• Work to be completed: Pull each line holding "variables" out of the entries below.

[Stored items]
________

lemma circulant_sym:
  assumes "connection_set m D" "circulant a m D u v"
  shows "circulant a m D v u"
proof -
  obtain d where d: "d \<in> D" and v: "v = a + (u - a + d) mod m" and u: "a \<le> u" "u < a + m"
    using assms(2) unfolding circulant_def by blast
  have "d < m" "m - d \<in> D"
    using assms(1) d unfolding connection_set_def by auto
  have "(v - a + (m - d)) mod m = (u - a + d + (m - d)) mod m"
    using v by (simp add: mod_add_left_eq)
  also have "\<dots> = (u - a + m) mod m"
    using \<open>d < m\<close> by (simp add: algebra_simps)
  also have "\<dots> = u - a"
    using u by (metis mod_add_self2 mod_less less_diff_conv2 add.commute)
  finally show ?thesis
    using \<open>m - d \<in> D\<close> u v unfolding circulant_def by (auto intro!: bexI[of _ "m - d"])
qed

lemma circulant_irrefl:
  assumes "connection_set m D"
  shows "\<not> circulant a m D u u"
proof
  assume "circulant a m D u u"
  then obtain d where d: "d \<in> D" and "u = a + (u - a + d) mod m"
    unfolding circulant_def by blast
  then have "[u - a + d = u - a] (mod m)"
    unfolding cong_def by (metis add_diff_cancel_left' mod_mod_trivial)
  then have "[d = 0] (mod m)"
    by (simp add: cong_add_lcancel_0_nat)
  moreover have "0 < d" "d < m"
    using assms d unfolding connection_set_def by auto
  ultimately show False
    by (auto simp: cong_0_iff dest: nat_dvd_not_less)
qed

________

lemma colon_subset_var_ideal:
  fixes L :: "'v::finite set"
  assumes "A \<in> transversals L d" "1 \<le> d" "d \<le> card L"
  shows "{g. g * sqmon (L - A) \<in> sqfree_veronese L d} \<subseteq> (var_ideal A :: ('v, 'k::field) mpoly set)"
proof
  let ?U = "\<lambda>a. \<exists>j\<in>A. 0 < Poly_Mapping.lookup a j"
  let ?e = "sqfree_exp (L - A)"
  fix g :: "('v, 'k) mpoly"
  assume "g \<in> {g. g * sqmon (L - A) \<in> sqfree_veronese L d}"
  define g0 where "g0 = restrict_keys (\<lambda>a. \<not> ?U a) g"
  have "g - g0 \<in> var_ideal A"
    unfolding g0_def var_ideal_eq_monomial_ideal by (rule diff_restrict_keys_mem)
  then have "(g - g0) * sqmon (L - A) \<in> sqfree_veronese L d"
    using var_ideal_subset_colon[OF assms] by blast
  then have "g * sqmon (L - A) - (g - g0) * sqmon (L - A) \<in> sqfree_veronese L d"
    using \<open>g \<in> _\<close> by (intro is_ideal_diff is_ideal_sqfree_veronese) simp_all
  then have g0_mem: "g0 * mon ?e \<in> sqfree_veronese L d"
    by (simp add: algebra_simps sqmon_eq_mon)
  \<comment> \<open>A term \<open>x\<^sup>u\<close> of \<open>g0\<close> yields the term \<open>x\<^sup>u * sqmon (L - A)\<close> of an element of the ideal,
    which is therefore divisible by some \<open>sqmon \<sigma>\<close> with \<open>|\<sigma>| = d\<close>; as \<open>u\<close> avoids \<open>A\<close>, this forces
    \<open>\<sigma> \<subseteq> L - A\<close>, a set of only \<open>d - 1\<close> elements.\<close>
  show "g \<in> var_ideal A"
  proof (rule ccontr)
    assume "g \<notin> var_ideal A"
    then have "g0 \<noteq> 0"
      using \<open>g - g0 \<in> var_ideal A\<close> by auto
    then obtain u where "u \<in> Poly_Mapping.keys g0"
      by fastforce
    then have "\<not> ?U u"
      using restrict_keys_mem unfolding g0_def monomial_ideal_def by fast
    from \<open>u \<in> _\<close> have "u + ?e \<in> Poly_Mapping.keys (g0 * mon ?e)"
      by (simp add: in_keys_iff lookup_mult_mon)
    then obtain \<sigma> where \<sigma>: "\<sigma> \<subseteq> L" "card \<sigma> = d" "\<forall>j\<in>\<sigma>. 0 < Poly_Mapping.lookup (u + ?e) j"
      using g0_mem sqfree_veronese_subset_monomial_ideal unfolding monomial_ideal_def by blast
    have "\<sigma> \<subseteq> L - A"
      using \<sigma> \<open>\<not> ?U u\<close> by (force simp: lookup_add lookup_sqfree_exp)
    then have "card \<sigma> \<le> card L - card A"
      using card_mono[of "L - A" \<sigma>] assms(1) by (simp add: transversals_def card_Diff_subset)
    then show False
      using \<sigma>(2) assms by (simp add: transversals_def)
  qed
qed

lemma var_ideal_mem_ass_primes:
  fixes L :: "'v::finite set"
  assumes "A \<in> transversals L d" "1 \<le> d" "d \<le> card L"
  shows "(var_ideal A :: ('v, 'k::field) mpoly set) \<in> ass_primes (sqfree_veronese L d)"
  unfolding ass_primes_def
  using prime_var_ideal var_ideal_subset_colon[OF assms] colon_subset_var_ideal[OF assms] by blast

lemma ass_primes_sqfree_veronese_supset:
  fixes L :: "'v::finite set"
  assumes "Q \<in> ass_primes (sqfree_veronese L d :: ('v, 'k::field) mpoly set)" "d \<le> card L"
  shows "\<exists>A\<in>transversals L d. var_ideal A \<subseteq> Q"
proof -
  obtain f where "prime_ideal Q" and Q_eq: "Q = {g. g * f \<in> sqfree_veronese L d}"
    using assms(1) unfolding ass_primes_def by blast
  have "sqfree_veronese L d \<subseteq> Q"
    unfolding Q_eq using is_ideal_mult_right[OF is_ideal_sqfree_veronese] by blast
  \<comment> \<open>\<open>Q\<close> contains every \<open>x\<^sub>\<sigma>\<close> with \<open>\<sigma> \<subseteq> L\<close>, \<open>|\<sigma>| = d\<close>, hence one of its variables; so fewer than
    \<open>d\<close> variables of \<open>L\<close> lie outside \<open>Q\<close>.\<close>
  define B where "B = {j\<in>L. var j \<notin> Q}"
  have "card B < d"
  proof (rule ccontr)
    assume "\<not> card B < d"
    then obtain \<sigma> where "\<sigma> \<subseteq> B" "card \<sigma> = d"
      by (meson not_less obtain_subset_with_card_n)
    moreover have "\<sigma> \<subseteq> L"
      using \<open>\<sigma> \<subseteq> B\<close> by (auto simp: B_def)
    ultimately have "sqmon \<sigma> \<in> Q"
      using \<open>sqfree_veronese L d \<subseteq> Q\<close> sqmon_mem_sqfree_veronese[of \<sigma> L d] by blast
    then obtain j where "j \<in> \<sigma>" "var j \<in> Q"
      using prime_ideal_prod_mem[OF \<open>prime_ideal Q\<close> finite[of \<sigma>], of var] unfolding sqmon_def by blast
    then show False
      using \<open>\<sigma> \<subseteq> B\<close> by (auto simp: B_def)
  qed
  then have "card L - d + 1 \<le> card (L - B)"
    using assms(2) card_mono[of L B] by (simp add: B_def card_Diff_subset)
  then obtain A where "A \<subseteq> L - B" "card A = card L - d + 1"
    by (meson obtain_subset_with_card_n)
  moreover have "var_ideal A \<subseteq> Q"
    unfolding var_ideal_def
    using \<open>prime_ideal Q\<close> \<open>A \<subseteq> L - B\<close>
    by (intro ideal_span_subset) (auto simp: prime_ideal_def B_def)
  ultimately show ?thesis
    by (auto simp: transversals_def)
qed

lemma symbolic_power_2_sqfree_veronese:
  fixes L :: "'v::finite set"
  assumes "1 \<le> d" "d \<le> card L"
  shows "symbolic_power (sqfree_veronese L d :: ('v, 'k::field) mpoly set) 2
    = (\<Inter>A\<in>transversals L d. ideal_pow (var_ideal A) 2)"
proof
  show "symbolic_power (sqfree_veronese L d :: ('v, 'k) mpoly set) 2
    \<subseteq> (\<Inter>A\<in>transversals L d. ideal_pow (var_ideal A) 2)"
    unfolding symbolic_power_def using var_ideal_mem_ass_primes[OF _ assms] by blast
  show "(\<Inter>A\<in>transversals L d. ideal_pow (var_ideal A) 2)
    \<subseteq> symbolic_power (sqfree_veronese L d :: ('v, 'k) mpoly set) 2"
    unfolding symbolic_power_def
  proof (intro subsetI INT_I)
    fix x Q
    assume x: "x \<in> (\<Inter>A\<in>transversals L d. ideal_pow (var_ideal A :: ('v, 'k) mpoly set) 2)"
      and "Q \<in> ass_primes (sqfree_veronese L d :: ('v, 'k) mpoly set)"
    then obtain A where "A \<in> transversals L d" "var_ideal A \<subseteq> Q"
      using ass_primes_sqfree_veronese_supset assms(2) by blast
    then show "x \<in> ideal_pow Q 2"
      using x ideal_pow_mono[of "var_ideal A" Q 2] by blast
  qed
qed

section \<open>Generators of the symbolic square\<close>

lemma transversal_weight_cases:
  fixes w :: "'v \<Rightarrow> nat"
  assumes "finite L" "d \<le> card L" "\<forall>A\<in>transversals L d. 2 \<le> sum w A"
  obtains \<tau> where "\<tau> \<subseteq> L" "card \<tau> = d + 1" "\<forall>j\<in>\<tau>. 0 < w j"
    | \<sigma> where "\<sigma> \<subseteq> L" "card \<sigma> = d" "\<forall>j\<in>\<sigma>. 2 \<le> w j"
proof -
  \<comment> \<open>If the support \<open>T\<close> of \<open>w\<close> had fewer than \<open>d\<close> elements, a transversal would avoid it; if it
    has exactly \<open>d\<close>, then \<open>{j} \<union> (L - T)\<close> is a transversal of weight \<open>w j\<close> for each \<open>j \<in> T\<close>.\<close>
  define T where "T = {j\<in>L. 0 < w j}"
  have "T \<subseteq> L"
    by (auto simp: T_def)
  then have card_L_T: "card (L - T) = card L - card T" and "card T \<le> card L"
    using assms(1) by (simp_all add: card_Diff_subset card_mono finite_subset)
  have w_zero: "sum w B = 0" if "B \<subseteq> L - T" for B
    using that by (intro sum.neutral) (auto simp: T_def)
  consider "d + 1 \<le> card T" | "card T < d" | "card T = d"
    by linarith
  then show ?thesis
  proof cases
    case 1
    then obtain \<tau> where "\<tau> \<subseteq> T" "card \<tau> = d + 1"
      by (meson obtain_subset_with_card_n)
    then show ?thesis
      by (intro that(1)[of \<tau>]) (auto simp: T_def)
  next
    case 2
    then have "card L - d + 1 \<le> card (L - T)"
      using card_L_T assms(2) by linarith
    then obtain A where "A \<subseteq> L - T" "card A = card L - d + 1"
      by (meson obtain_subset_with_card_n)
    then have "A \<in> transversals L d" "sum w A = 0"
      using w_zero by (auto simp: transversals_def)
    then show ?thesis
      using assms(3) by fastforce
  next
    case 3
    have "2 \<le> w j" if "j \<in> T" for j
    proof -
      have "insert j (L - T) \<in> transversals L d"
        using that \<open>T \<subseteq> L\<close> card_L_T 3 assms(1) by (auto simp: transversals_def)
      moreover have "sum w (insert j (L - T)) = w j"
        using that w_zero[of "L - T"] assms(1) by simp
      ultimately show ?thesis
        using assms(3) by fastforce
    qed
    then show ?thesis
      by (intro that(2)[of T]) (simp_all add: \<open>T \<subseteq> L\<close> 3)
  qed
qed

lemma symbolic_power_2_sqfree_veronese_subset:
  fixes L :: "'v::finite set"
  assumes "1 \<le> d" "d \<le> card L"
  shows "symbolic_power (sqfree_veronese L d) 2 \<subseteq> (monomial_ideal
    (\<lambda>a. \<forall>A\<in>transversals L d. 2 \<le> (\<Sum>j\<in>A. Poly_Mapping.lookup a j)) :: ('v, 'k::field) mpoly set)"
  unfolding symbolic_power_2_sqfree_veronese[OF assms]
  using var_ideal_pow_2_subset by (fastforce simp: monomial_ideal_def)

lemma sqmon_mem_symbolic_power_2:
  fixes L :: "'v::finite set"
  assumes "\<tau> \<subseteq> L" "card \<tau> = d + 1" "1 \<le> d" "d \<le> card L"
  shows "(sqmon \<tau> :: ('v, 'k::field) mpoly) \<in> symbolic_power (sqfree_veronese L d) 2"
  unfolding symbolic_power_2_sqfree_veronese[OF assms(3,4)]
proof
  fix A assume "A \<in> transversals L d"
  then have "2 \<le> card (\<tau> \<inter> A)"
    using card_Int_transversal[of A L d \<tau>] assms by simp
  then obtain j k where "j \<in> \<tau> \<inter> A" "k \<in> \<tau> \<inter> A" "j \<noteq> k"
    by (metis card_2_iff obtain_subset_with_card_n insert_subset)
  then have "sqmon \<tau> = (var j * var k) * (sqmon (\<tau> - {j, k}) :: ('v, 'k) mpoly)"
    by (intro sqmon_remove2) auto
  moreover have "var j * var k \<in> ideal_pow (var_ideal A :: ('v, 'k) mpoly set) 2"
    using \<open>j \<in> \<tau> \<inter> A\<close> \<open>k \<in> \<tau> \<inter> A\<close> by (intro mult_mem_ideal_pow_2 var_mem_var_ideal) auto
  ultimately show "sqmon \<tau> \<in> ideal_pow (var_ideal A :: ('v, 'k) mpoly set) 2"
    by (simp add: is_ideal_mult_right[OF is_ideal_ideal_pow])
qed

________

• Result of this task:
  \<comment> \<open>\<open>Q\<close> contains every \<open>x\<^sub>\<sigma>\<close> with \<open>\<sigma> \<subseteq> L\<close>, \<open>|\<sigma>| = d\<close>, hence one of its variables; so fewer than
    \<open>d\<close> variables of \<open>L\<close> lie outside \<open>Q\<close>.\<close>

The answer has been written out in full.